Duke’s Ryan Kelly: The Good, The Bad and The UglyPosted by mpatton on November 26th, 2012
Ryan Kelly may be Duke‘s most important player. Just look at the Blue Devils’ tailspin last season when he went down with an injured foot. In Duke’s losses last year Kelly averaged five points a game (not including the two Ls he missed due to injury). In Duke’s wins he averaged over 13 points a game. That’s a striking difference. Kelly’s averages from last season are identical to this season (11.8 points per game and just over five rebounds per game), though he’s seen a dramatic drop in his efficiency from beyond the arc and at the charity stripe. The free throw problem is probably a short-term slump and his three point percentage will also likely rise but remain below last season’s excellent 41% mark. But don’t let identical output and depressed percentages confuse you: Kelly is an improved player whose game has evolved a lot even since last season.
The most quantifiable change has come in his shot selection. Last year over 40 percent of Kelly’s shots were threes; this year just over 30 percent of his attempts come from distance. Rather than taking low-percentage contested twos, Kelly’s mid-range game is flourishing. At 6’11”, he’s virtually impossible for more athletic wings to guard, instead drawing power forwards to the perimeter where he has the advantage. Instead of settling for threes this season, he’s taken one or two steps inside the arc, where he’s nearly automatic. Kelly also appears to be more comfortable operating out around 12-16 feet from the basket, as his turnovers are down this year, potentially because he isn’t forcing things as much.
The other significant improvement Kelly has made to his game is defensively. Kelly was an abysmal defender his first couple of seasons in Durham. Last year his defensive awareness improved markedly, although his shot blocking suffered. This year, Kelly is much better all-around — he is a very good shot-blocker and appears much better at masking his poor lateral quickness.
But not everything about Kelly’s game is improved. He still really struggles defensively away from the ball. He’s very good at blanketing other stretch fours (see: Kyle Wiltjer), but he struggles knowing where to be in the post. Often Kelly floats away from his man when help defense isn’t needed, allowing an offensive rebound or leaving his man open for a dunk. He’s an abysmal rebounder for his size and almost never puts a body on his man. Kelly has to work on keeping his assignment from getting the rebound and Duke’s defensive rebounding (the only thing keeping its defense from becoming elite) will improve.

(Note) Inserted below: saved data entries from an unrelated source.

lemma blk_norm_mono:
  fixes x :: "'n::finite \<Rightarrow> 'a::real_normed_vector" and y :: "'n \<Rightarrow> 'b::real_normed_vector"
  assumes pos: "\<forall>i. \<pi> i > 0" and le: "\<And>i. norm (x i) \<le> norm (y i)"
  shows "blk_norm \<pi> x \<le> blk_norm \<pi> y"
  unfolding blk_norm_eq_L2_set[OF pos]
  using pos le by (intro L2_set_mono divide_right_mono) (auto simp: less_imp_le)

lemma blk_norm_subadditive:
  fixes x :: "'n::finite \<Rightarrow> 'a::real_normed_vector" and y :: "'n \<Rightarrow> 'b::real_normed_vector"
    and z :: "'n \<Rightarrow> 'c::real_normed_vector"
  assumes pos: "\<forall>i. \<pi> i > 0" and le: "\<And>i. norm (z i) \<le> norm (x i) + norm (y i)"
  shows "blk_norm \<pi> z \<le> blk_norm \<pi> x + blk_norm \<pi> y"
proof -
  have "blk_norm \<pi> z \<le> L2_set (\<lambda>i. norm (x i) / sqrt (\<pi> i) + norm (y i) / sqrt (\<pi> i)) UNIV"
    unfolding blk_norm_eq_L2_set[OF pos] using pos le
    by (intro L2_set_mono)
      (auto simp: less_imp_le simp flip: add_divide_distrib intro!: divide_right_mono)
  also have "\<dots> \<le> blk_norm \<pi> x + blk_norm \<pi> y"
    unfolding blk_norm_eq_L2_set[OF pos] by (rule L2_set_triangle_ineq)
  finally show ?thesis .
qed

lemma blk_norm_scaleR: "blk_norm \<pi> (\<lambda>i. a *\<^sub>R x i) = \<bar>a\<bar> * blk_norm \<pi> x"
proof -
  have "(\<Sum>i\<in>UNIV. (norm (a *\<^sub>R x i))\<^sup>2 / \<pi> i) = a\<^sup>2 * (\<Sum>i\<in>UNIV. (norm (x i))\<^sup>2 / \<pi> i)"
    by (simp add: power_mult_distrib sum_distrib_left)
  then show ?thesis unfolding blk_norm_def by (simp add: real_sqrt_mult)
qed

lemma blk_norm_scaleR_le:
  assumes pos: "\<forall>i. \<pi> i > 0" and le: "\<And>i. \<bar>a i\<bar> \<le> c"
  shows "blk_norm \<pi> (\<lambda>i. a i *\<^sub>R x i) \<le> c * blk_norm \<pi> x"
proof -
  have c: "\<bar>c\<bar> = c" using le[of undefined] by simp
  have "blk_norm \<pi> (\<lambda>i. a i *\<^sub>R x i) \<le> blk_norm \<pi> (\<lambda>i. c *\<^sub>R x i)"
    using le c by (intro blk_norm_mono[OF pos]) (simp add: mult_right_mono)
  then show ?thesis by (simp add: blk_norm_scaleR c)
qed

lemma blk_norm_scaleR_const: "blk_norm \<pi> (\<lambda>i. a i *\<^sub>R u) = pi_norm \<pi> a * norm u"
  unfolding blk_norm_def pi_norm_def
  by (simp add: power_mult_distrib real_sqrt_mult flip: sum_distrib_right times_divide_eq_left)

lemma blk_norm_const: "blk_norm \<pi> (\<lambda>i. u) = norm u * sqrt (\<Sum>j\<in>UNIV. 1 / \<pi> j)"
  using blk_norm_scaleR_const[of \<pi> "\<lambda>i. 1" u] by (simp add: pi_norm_def)

lemma norm_le_blk_norm:
  assumes pos: "\<forall>i. \<pi> i > 0"
  shows "norm (x j) \<le> blk_norm \<pi> x * sqrt (\<pi> j)"
proof -
  have "norm (x j) / sqrt (\<pi> j) \<le> blk_norm \<pi> x"
    unfolding blk_norm_eq_L2_set[OF pos] by (rule member_le_L2_set) auto
  then show ?thesis using pos by (simp add: divide_le_eq)
qed

lemma pi_norm_pos:
  assumes pos: "\<forall>i. \<pi> i > 0" and "x j \<noteq> 0"
  shows "pi_norm \<pi> x > 0"
proof -
  have "0 < \<bar>x j\<bar>" using assms by simp
  also have "\<dots> \<le> pi_norm \<pi> x * sqrt (\<pi> j)"
    using norm_le_blk_norm[OF pos, of x j] by (simp add: pi_norm_eq_blk_norm)
  finally show ?thesis using pos blk_norm_nonneg[OF pos, of x]
    by (simp add: pi_norm_eq_blk_norm zero_less_mult_iff)
qed

lemma blk_norm_eq_sqrt_sum_Basis:
  fixes x :: "'n::finite \<Rightarrow> 'a::euclidean_space"
  assumes pos: "\<forall>i. \<pi> i > 0"
  shows "blk_norm \<pi> x = sqrt (\<Sum>b\<in>Basis. (pi_norm \<pi> (\<lambda>i. x i \<bullet> b))\<^sup>2)"
proof -
  have "(pi_norm \<pi> (\<lambda>i. x i \<bullet> b))\<^sup>2 = (\<Sum>i\<in>UNIV. (x i \<bullet> b)\<^sup>2 / \<pi> i)" for b
    unfolding pi_norm_def using pos by (simp add: sum_nonneg less_imp_le)
  then have "(\<Sum>b\<in>Basis. (pi_norm \<pi> (\<lambda>i. x i \<bullet> b))\<^sup>2)
        = (\<Sum>i\<in>UNIV. \<Sum>b\<in>Basis. (x i \<bullet> b)\<^sup>2 / \<pi> i)"
    by (simp add: sum.swap[of _ Basis])
  also have "\<dots> = (\<Sum>i\<in>UNIV. (norm (x i))\<^sup>2 / \<pi> i)"
  proof -
    have "(norm (x i))\<^sup>2 = (\<Sum>b\<in>Basis. (x i \<bullet> b)\<^sup>2)" for i
      unfolding power2_norm_eq_inner by (subst euclidean_inner) (simp add: power2_eq_square)
    then show ?thesis by (simp flip: sum_divide_distrib)
  qed
  finally show ?thesis unfolding blk_norm_def by simp
qed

Related, Duke’s struggles on the glass are the quickest way for bench guys to earn minutes. If Amile Jefferson, Alex Murphy or Josh Hairston can prove himself a strong rebounder, he’ll see an increase in playing time. Marshall Plumlee should help on the glass and will see minutes backing up his brother at the five. But there are still plenty of minutes that appear up for grabs in the Duke rotation. Ryan Kelly is one of Duke’s most important players. If his three-point and foul shooting percentages start trending toward last season’s numbers and he starts rebounding more competently, he might also be Duke’s best player in addition to its most important one.